ASSIGNMENT | All of the records below are to be copied exactly.

+++

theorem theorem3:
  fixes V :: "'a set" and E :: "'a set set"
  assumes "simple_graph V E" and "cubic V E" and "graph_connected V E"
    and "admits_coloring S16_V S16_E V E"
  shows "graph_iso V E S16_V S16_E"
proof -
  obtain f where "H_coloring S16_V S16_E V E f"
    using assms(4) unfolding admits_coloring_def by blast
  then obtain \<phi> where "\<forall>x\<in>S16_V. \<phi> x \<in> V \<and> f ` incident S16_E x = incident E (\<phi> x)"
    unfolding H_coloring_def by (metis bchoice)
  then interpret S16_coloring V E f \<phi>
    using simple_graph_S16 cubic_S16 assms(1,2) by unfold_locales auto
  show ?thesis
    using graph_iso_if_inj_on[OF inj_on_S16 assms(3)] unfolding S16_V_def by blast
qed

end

+++

FINAL ANSWER |
theorem theorem3:
  fixes V :: "'a set" and E :: "'a set set"
  assumes "simple_graph V E" and "cubic V E" and "graph_connected V E"
    and "admits_coloring S16_V S16_E V E"
  shows "graph_iso V E S16_V S16_E"
proof -
  obtain f where "H_coloring S16_V S16_E V E f"
    using assms(4) unfolding admits_coloring_def by blast
  then obtain \<phi> where "\<forall>x\<in>S16_V. \<phi> x \<in> V \<and> f ` incident S16_E x = incident E (\<phi> x)"
    unfolding H_coloring_def by (metis bchoice)
  then interpret S16_coloring V E f \<phi>
    using simple_graph_S16 cubic_S16 assms(1,2) by unfold_locales auto
  show ?thesis
    using graph_iso_if_inj_on[OF inj_on_S16 assms(3)] unfolding S16_V_def by blast
qed

end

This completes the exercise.